_PROBLEM_
Your task is to copy the stretch of lines in the records below that begins with the line containing "e x \<longleftrightarrow>" and ends with the line containing "b) / of_int", exactly as written, with nothing added.

Excerpts from a dataset:
▬▬▬▬▬▬

lemma square_identity_split:
  assumes P: "degree P \<le> n" and M: "degree M \<le> n" and c: "c \<noteq> 0"
    and id: "P^2 - smult (c^2) branch_poly = M^2"
  shows "\<exists>S \<alpha> \<beta>. S \<subseteq> {1..2*n} \<and> card S = n \<and> P = pencil S \<alpha> \<beta> \<and> c^2 = 4 * \<alpha> * \<beta>"
proof -
  define A where "A = P + M"
  define B where "B = P - M"
  have AB: "A * B = smult (c^2) branch_poly"
  proof -
    have "A * B = P^2 - M^2" by (simp add: A_def B_def power2_eq_square algebra_simps)
    then show ?thesis by (simp add: id[symmetric])
  qed
  obtain S where "S \<subseteq> {1..2*n}" "A = smult (lead_coeff A) (root_poly a S)"
    "B = smult (lead_coeff B) (root_poly a ({1..2*n} - S))"
    using mult_eq_smult_root_poly_split[OF _ inj_a AB] c by auto
  moreover have "A \<noteq> 0" "B \<noteq> 0" using AB c by auto
  ultimately obtain \<alpha>0 \<beta>0 where S: "S \<subseteq> {1..2*n}" "A = smult \<alpha>0 (root_poly a S)"
    "B = smult \<beta>0 (root_poly a ({1..2*n} - S))" and lc: "\<alpha>0 \<noteq> 0" "\<beta>0 \<noteq> 0"
    by (metis leading_coeff_0_iff)
  have fin: "finite S" using S(1) finite_subset by blast
  have "card S \<le> n"
    using degree_add_le[OF P M] lc(1) fin by (simp add: A_def[symmetric] S(2) degree_root_poly)
  moreover have "card ({1..2*n} - S) \<le> n"
    using degree_diff_le[OF P M] lc(2) by (simp add: B_def[symmetric] S(3) degree_root_poly)
  moreover have "card S + card ({1..2*n} - S) = 2 * n"
    using S(1) fin card_mono[OF _ S(1)] by (simp add: card_Diff_subset)
  ultimately have card: "card S = n" by linarith
  have "P = smult (1/2) (A + B)"
    by (rule poly_eqI) (simp only: A_def B_def coeff_smult coeff_add coeff_diff, simp)
  then have pencil: "P = pencil S (\<alpha>0 / 2) (\<beta>0 / 2)"
    by (simp add: S pencil_def smult_add_right)
  have "smult (c^2) branch_poly = smult (\<beta>0 * \<alpha>0) branch_poly"
    using AB root_poly_mult_complement[OF S(1), of a] by (simp add: S)
  from smult_root_poly_eqD[OF _ inj_a order_refl order_refl _ this]
  have "c^2 = \<beta>0 * \<alpha>0" using c by simp
  then show ?thesis using S(1) card pencil by (intro exI[of _ S] exI) auto
qed
(* Let $p$ be a prime number, $\nu\ge 0$ an integer, and $N\ge 1$ an integer. Let $m,n$ be positive even integers with $m\ge n$, $m\equiv n\pmod{(p-1)p^{\nu}}$ and $m,n\not\equiv 0\pmod{p-1}$. If $$\mathrm{ord}_p(N-1)\ \ge\ \nu+1+\mathrm{ord}_p\Big(\prod_{k=0}^{m}(1+k)!\Big)+\max\{\mathrm{ord}_p(m),\mathrm{ord}_p(n)\},$$ then $$(1-p^{m-1})\frac{B_{N,m}}{m}\equiv(1-p^{n-1})\frac{B_{N,n}}{n}\pmod{p^{\nu+1}}.$$
   Context: For a positive integer $N$, the hypergeometric Bernoulli numbers $B_{N,n}$ are defined by $\frac{x^N/N!}{e^x-\sum_{n=0}^{N-1}x^n/n!}=\sum_{n\ge0} B_{N,n}\frac{x^n}{n!}$. $\mathrm{ord}_p$ denotes the $p$-adic valuation on $\mathbb{Q}$ (with $\mathrm{ord}_p(0)=\infty$); for rationals $a,b$, $a\equiv b\pmod{p^s}$ means $\mathrm{ord}_p(a-b)\ge s$. *)

theory Defs
  imports "HOL-Computational_Algebra.Computational_Algebra" "HOL-Number_Theory.Number_Theory"
begin

definition hyp_bernoulli :: "nat \<Rightarrow> nat \<Rightarrow> rat" where
  "hyp_bernoulli N n = fact n * fps_nth
     ((fps_const (1 / fact N) * fps_X ^ N) /
      (fps_exp 1 - (\<Sum>k<N. fps_const (1 / fact k) * fps_X ^ k))) n"

text \<open>p-adic valuation of a nonzero rational (meaningless at 0; zero is handled separately).\<close>
definition qord :: "nat \<Rightarrow> rat \<Rightarrow> int" where
  "qord p x = (case quotient_of x of (a, b) \<Rightarrow>
      int (multiplicity (int p) a) - int (multiplicity (int p) b))"

definition qcong :: "nat \<Rightarrow> nat \<Rightarrow> rat \<Rightarrow> rat \<Rightarrow> bool" where
  "qcong p s a b \<longleftrightarrow> a - b = 0 \<or> qord p (a - b) \<ge> int s"

end

theory Submission
  imports Defs
begin

text \<open>Write $B_{N,n} = n!\, b_N(n)$, where $b_N(n)$ are the coefficients of $1/A_N$ with
  $A_N(x) = \sum_j N!/(N+j)!\, x^j$. For $N = 1$ these are the Bernoulli numbers, and the
  congruence is Kummer's. It follows from Voronoi's identity: for a primitive root $c$ modulo $p$,
  $(c^k - 1)(1 - p^{k-1}) B_k / k$ is $p$-adically close to an integer sum that depends on $k$ only
  through powers $(ca \bmod p^s)^{k-1}$ of units, which by Euler's theorem are periodic in $k$
  modulo $p^{\nu+1}$ with period $(p-1)p^\nu$.

  If $N \equiv 1 \pmod{p^E}$, the $j$-th coefficients of $A_N$ and $A_1$ differ by
  $p^E / ((j+1)!)^2$ in valuation, and the recursion $b_N(k) = -\sum_{i \ge 1} a_N(i)\, b_N(k-i)$
  propagates this to $\mathrm{ord}_p(b_N(k) - b_1(k)) \ge E - \mathrm{ord}_p \prod_{i \le k} (i+1)!$
  whenever $p - 1 \nmid k$. The hypothesis on $\mathrm{ord}_p(N-1)$ is what makes this
  perturbation vanish modulo $p^{\nu+1}$ after multiplying by $k!$ and dividing by $k$.\<close>

section \<open>Rationals with bounded-below $p$-adic valuation\<close>

definition pval_ge :: "nat \<Rightarrow> int \<Rightarrow> rat \<Rightarrow> bool" where
  "pval_ge p e x \<longleftrightarrow>
     (\<exists>a b. b \<noteq> 0 \<and> \<not> int p dvd b \<and> x = of_int a / of_int b * power_int (of_nat p) e)"

locale fixed_prime =
  fixes p :: nat
  assumes prime: "prime p"
begin

lemma pval_ge_0: "pval_ge p e 0"
  unfolding pval_ge_def using prime by (intro exI[of _ 0] exI[of _ 1]) (auto simp: prime_nat_iff)

lemma pval_ge_mono:
  assumes "pval_ge p e x" "e' \<le> e"
  shows "pval_ge p e' x"
proof -
  from assms(1) obtain a b
    where ab: "b \<noteq> 0" "\<not> int p dvd b" "x = of_int a / of_int b * power_int (of_nat p) e"
    unfolding pval_ge_def by blast
  have "(of_nat p :: rat) \<noteq> 0" using prime by (simp add: prime_gt_0_nat)
  then have "power_int (of_nat p :: rat) e = power_int (of_nat p) (e - e') * power_int (of_nat p) e'"
    by (simp add: power_int_add[symmetric])
  also have "power_int (of_nat p :: rat) (e - e') = of_int (int p ^ nat (e - e'))"
    using assms(2) by (simp add: power_int_def)
  finally have "x = of_int (a * int p ^ nat (e - e')) / of_int b * power_int (of_nat p) e'"
    using ab(3) by simp
  then show ?thesis unfolding pval_ge_def using ab(1,2) by blast
qed

lemma pval_ge_add:
  assumes "pval_ge p e x" "pval_ge p e y"
  shows "pval_ge p e (x + y)"
proof -
  from assms(1) obtain a b
    where ab: "b \<noteq> 0" "\<not> int p dvd b" "x = of_int a / of_int b * power_int (of_nat p) e"
    unfolding pval_ge_def by blast
  from assms(2) obtain c d
    where cd: "d \<noteq> 0" "\<not> int p dvd d" "y = of_int c / of_int d * power_int (of_nat p) e"
    unfolding pval_ge_def by blast
  have "x + y = of_int (a * d + c * b) / of_int (b * d) * power_int (of_nat p) e"
    using ab cd by (simp add: field_simps)
  moreover have "\<not> int p dvd b * d"
    using ab(2) cd(2) prime by (simp add: prime_dvd_mult_iff)
  ultimately show ?thesis unfolding pval_ge_def using ab(1) cd(1) by (metis mult_eq_0_iff)
qed

lemma pval_ge_uminus: "pval_ge p e x \<Longrightarrow> pval_ge p e (- x)"
  unfolding pval_ge_def by (metis minus_divide_left minus_mult_left of_int_minus)

lemma pval_ge_diff: "pval_ge p e x \<Longrightarrow> pval_ge p e y \<Longrightarrow> pval_ge p e (x - y)"
  using pval_ge_add[of e x "- y"] pval_ge_uminus[of e y] by simp

lemma pval_ge_sum: "(\<And>i. i \<in> A \<Longrightarrow> pval_ge p e (f i)) \<Longrightarrow> pval_ge p e (\<Sum>i\<in>A. f i)"
  by (induction A rule: infinite_finite_induct) (simp_all add: pval_ge_0 pval_ge_add)

lemma pval_ge_mult:
  assumes "pval_ge p e x" "pval_ge p f y"
  shows "pval_ge p (e + f) (x * y)"
proof -
  from assms(1) obtain a b
    where ab: "b \<noteq> 0" "\<not> int p dvd b" "x = of_int a / of_int b * power_int (of_nat p) e"
    unfolding pval_ge_def by blast
  from assms(2) obtain c d
    where cd: "d \<noteq> 0" "\<not> int p dvd d" "y = of_int c / of_int d * power_int (of_nat p) f"
    unfolding pval_ge_def by blast
  have "(of_nat p :: rat) \<noteq> 0" using prime by (simp add: prime_gt_0_nat)
  then have "x * y = of_int (a * c) / of_int (b * d) * power_int (of_nat p) (e + f)"
    using ab cd by (simp add: power_int_add field_simps)
  moreover have "\<not> int p dvd b * d"
    using ab(2) cd(2) prime by (simp add: prime_dvd_mult_iff)
  ultimately show ?thesis unfolding pval_ge_def using ab(1) cd(1) by (metis mult_eq_0_iff)
qed

lemma pval_ge_of_int: "pval_ge p 0 (of_int z)"
  unfolding pval_ge_def using prime by (intro exI[of _ z] exI[of _ 1]) (auto simp: prime_nat_iff)

lemma pval_ge_of_nat: "pval_ge p 0 (of_nat z)"
  using pval_ge_of_int[of "int z"] by simp

lemma pval_ge_power: "pval_ge p e x \<Longrightarrow> pval_ge p (e * int k) (x ^ k)"
proof (induction k)
  case 0
  then show ?case using pval_ge_of_nat[of 1] by simp
next
  case (Suc k)
  then have "pval_ge p (e + e * int k) (x * x ^ k)" by (intro pval_ge_mult)
  then show ?case by (simp add: algebra_simps)
qed

lemma pval_ge_of_int_dvd:
  assumes "int p ^ k dvd z"
  shows "pval_ge p (int k) (of_int z)"
proof -
  from assms obtain w where "z = int p ^ k * w" by (auto elim: dvdE)
  then have "(of_int z :: rat) = of_int w / of_int 1 * power_int (of_nat p) (int k)" by simp
  moreover have "\<not> int p dvd 1" using prime by (auto simp: prime_nat_iff)
  ultimately show ?thesis unfolding pval_ge_def by (metis one_neq_zero)
qed

lemma pval_ge_prime_power: "pval_ge p (int k) (of_nat p ^ k)"
  using pval_ge_of_int_dvd[of k "int p ^ k"] by simp

lemma pval_ge_mult_prime_power: "pval_ge p e x \<Longrightarrow> pval_ge p (e + int k) (x * of_nat p ^ k)"
  using pval_ge_mult pval_ge_prime_power by blast

lemma pval_ge_divide_nat:
  assumes "pval_ge p e x" "z > 0"
  shows "pval_ge p (e - int (multiplicity p z)) (x / of_nat z)"
proof -
  from assms(1) obtain a b
    where ab: "b \<noteq> 0" "\<not> int p dvd b" "x = of_int a / of_int b * power_int (of_nat p) e"
    unfolding pval_ge_def by blast
  define r where "r = multiplicity p z"
  obtain w where w: "z = p ^ r * w" "\<not> p dvd w"
    using multiplicity_decompose'[of z p] assms(2) prime unfolding r_def
    by (metis not_prime_unit gr_implies_not0)
  have w0: "w \<noteq> 0" using w assms(2) by (metis mult_0_right less_irrefl)
  have p0: "(of_nat p :: rat) \<noteq> 0" using prime by (simp add: prime_gt_0_nat)
  have "power_int (of_nat p :: rat) e = power_int (of_nat p) (e - int r) * of_nat p ^ r"
    using p0 by (simp flip: power_int_add power_int_of_nat)
  then have "x / of_nat z = of_int a / of_int (b * int w) * power_int (of_nat p) (e - int r)"
    using ab(3) w(1) w0 p0 by (simp add: field_simps)
  moreover have "\<not> int p dvd b * int w"
    using ab(2) w(2) prime by (simp add: prime_dvd_mult_iff prime_nat_int_transfer)
  ultimately show ?thesis
    unfolding pval_ge_def r_def using ab(1) w0 by (metis mult_eq_0_iff of_nat_eq_0_iff)
qed

lemma pval_ge_cancel_unit:
  assumes "pval_ge p e (x * of_int u)" "\<not> int p dvd u"
  shows "pval_ge p e x"
proof -
  from assms(1) obtain a b
    where ab: "b \<noteq> 0" "\<not> int p dvd b" "x * of_int u = of_int a / of_int b * power_int (of_nat p) e"
    unfolding pval_ge_def by blast
  have u0: "u \<noteq> 0" using assms(2) by auto
  have "x = (x * of_int u) / of_int u" using u0 by simp
  also have "\<dots> = of_int a / of_int (b * u) * power_int (of_nat p) e"
    using ab(3) by simp
  finally have "x = of_int a / of_int (b * u) * power_int (of_nat p) e" .
  moreover have "\<not> int p dvd b * u"
    using ab(2) assms(2) prime by (simp add: prime_dvd_mult_iff prime_nat_int_transfer)
  ultimately show ?thesis unfolding pval_ge_def using ab(1) u0 by (metis mult_eq_0_iff)
qed
(* Let $I=(G,E^\ell,E^f,s,t,c,d)$ be an instance of the Bilevel Shortest Path problem in the weak path completion variant, where $G$ is directed or undirected. Then there exists a pair $(X,Y)$ with $X\subseteq E^\ell$ and $Y\subseteq E^f$ such that $X$ is an optimal choice for the leader's problem, $Y$ is an optimal choice for the follower's problem given $X$, and $X\cup Y$ is an $s$-$t$-path, i.e. $X\cup Y\in\mathcal P_{st}$.
   Context: An instance is $I=(G,E^\ell,E^f,s,t,c,d)$: $G=(V,E)$ a simple directed or undirected graph, $E=E^\ell\cup E^f$ a partition (leader's and follower's edges), $s,t\in V$, $c,d:E\to\mathbb{R}_{\ge0}$; $f(Z)=\sum_{e\in Z}f(e)$. Paths are simple and identified with edge sets; $\mathcal P_{st}$, the set of $s$-$t$-paths, is assumed nonempty. Weak variant: $\mathrm{OPT}_{\mathrm{weak}}(I)=\min c(X\cup Y)$ over $X\subseteq E^\ell$ and $Y\in\arg\min\{d(Y'):Y'\subseteq E^f,\ \exists P\subseteq X\cup Y' \text{ with } P\in\mathcal P_{st}\}$; leader choices making the follower's problem infeasible are infeasible; optimistic setting: among follower-optimal responses the follower picks one minimizing $c(Y)$. An optimal choice for the leader is a feasible $X$ attaining $\mathrm{OPT}_{\mathrm{weak}}(I)$. *)

theory Defs
  imports Complex_Main
begin

text \<open>A graph G = (V, E) with abstract edges; ends e = (u,v) gives the endpoints of e
  (tail and head if the graph is directed; an unordered pair if undirected).\<close>

definition edge_joins :: "bool \<Rightarrow> ('e \<Rightarrow> 'v \<times> 'v) \<Rightarrow> 'e \<Rightarrow> 'v \<Rightarrow> 'v \<Rightarrow> bool" where
  "edge_joins directed ends e u v \<longleftrightarrow>
     ends e = (u, v) \<or> (\<not> directed \<and> ends e = (v, u))"

definition simple_graph :: "bool \<Rightarrow> 'v set \<Rightarrow> 'e set \<Rightarrow> ('e \<Rightarrow> 'v \<times> 'v) \<Rightarrow> bool" where
  "simple_graph directed V E ends \<longleftrightarrow>
     finite V \<and> finite E \<and>
     (\<forall>e\<in>E. fst (ends e) \<in> V \<and> snd (ends e) \<in> V \<and> fst (ends e) \<noteq> snd (ends e)) \<and>
     (\<forall>e\<in>E. \<forall>e'\<in>E. e \<noteq> e' \<longrightarrow>
        \<not> edge_joins directed ends e' (fst (ends e)) (snd (ends e)))"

▬▬▬▬▬▬

_FINISHED EXERCISE_
  "pval_ge p e x \<longleftrightarrow>
     (\<exists>a b. b \<noteq> 0 \<and> \<not> int p dvd b \<and> x = of_int a / of_int b * power_int (of_nat p) e)"

locale fixed_prime =
  fixes p :: nat
  assumes prime: "prime p"
begin

lemma pval_ge_0: "pval_ge p e 0"
  unfolding pval_ge_def using prime by (intro exI[of _ 0] exI[of _ 1]) (auto simp: prime_nat_iff)

lemma pval_ge_mono:
  assumes "pval_ge p e x" "e' \<le> e"
  shows "pval_ge p e' x"
proof -
  from assms(1) obtain a b
    where ab: "b \<noteq> 0" "\<not> int p dvd b" "x = of_int a / of_int b * power_int (of_nat p) e"
    unfolding pval_ge_def by blast
  have "(of_nat p :: rat) \<noteq> 0" using prime by (simp add: prime_gt_0_nat)
  then have "power_int (of_nat p :: rat) e = power_int (of_nat p) (e - e') * power_int (of_nat p) e'"
    by (simp add: power_int_add[symmetric])
  also have "power_int (of_nat p :: rat) (e - e') = of_int (int p ^ nat (e - e'))"
    using assms(2) by (simp add: power_int_def)
  finally have "x = of_int (a * int p ^ nat (e - e')) / of_int b * power_int (of_nat p) e'"
    using ab(3) by simp
  then show ?thesis unfolding pval_ge_def using ab(1,2) by blast
qed

lemma pval_ge_add:
  assumes "pval_ge p e x" "pval_ge p e y"
  shows "pval_ge p e (x + y)"
proof -
  from assms(1) obtain a b
    where ab: "b \<noteq> 0" "\<not> int p dvd b" "x = of_int a / of_int b * power_int (of_nat p) e"
    unfolding pval_ge_def by blast
  from assms(2) obtain c d
    where cd: "d \<noteq> 0" "\<not> int p dvd d" "y = of_int c / of_int d * power_int (of_nat p) e"
    unfolding pval_ge_def by blast
  have "x + y = of_int (a * d + c * b) / of_int (b * d) * power_int (of_nat p) e"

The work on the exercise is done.